A vector of affected districts was first defined, representing areas with recent or ongoing cholera activity. The shapefile was then augmented with a new variable that classified each district as either one of the highlighted districts or “Other.” This classification allowed the map to display each affected district in a distinct colour, making it easy to identify where cholera transmission has occurred and how widely it is distributed across the country.

The map was rendered using geom_sf(), with a manually defined colour palette to ensure that each highlighted district had a visually distinct and easily interpretable colour. A north arrow and scale bar were added to improve cartographic clarity, and a minimalist theme was applied to remove gridlines, axis labels, and tick marks, keeping the focus on the spatial patterns. The legend was simplified to include only the affected districts, reducing clutter and making the map more readable.

Conclusion

The automated workflow developed in this project demonstrates how R can transform Zambia’s eIDSR case‑based data into clear, timely, and actionable surveillance intelligence.

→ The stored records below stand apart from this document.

lemma no_holes_image:
  assumes f: "lattice_aut f" shows "no_holes (f ` S) \<longleftrightarrow> no_holes S"
proof -
  have inj: "inj f" and surj: "surj f" using f by (simp_all add: lattice_aut_def bij_is_surj bij_is_inj)
  have fin: "finite (f ` X) \<longleftrightarrow> finite X" for X
    using inj by (simp add: finite_image_iff inj_on_subset)
  have comp: "{y. path_in (- (f ` S)) (f x) y} = f ` {y. path_in (- S) x y}" for x
  proof (rule set_eqI)
    fix y
    obtain y0 where y: "y = f y0" using surj by (metis surjD)
    have "y \<in> {y. path_in (- (f ` S)) (f x) y} \<longleftrightarrow> path_in (f ` (- S)) (f x) (f y0)"
      by (simp add: y lattice_aut_image_Compl[OF f])
    also have "\<dots> \<longleftrightarrow> y \<in> f ` {y. path_in (- S) x y}"
      by (simp add: y path_in_image_iff[OF f] inj_image_mem_iff[OF inj])
    finally show "y \<in> {y. path_in (- (f ` S)) (f x) y} \<longleftrightarrow> y \<in> f ` {y. path_in (- S) x y}" .
  qed
  have "no_holes (f ` S) \<longleftrightarrow> (\<forall>x. f x \<notin> f ` S \<longrightarrow> infinite {y. path_in (- (f ` S)) (f x) y})"
    unfolding no_holes_def by (metis surjD[OF surj])
  also have "\<dots> \<longleftrightarrow> no_holes S"
    unfolding comp fin no_holes_def by (simp add: inj_image_mem_iff[OF inj])
  finally show ?thesis .
qed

Through a reproducible pipeline, the system consistently generates the key outputs needed for weekly reporting—epidemic curves, demographic profiles, zero‑reporting indicators, and district‑level maps—reducing reliance on manual processes and improving turnaround time.

Most importantly, the workflow strengthens the ability of the Surveillance and Disease Intelligence Unit to interpret the core dimensions of an outbreak:

• Who is affected, through age‑sex distributions and population‑level patterns • What is happening, through automated indicators, case counts, and epidemic curves • When transmission is rising, peaking, or declining, through timelines and reporting intervals • Where outbreaks are occurring or spreading, through district‑level spatial analysis

By aligning automation with surveillance needs, the project enhances both efficiency and situational awareness. The resulting tools provide a foundation for faster, more consistent reporting and can be expanded to other diseases within the eIDSR platform, supporting Zambia’s broader goal of strengthening national public health intelligence.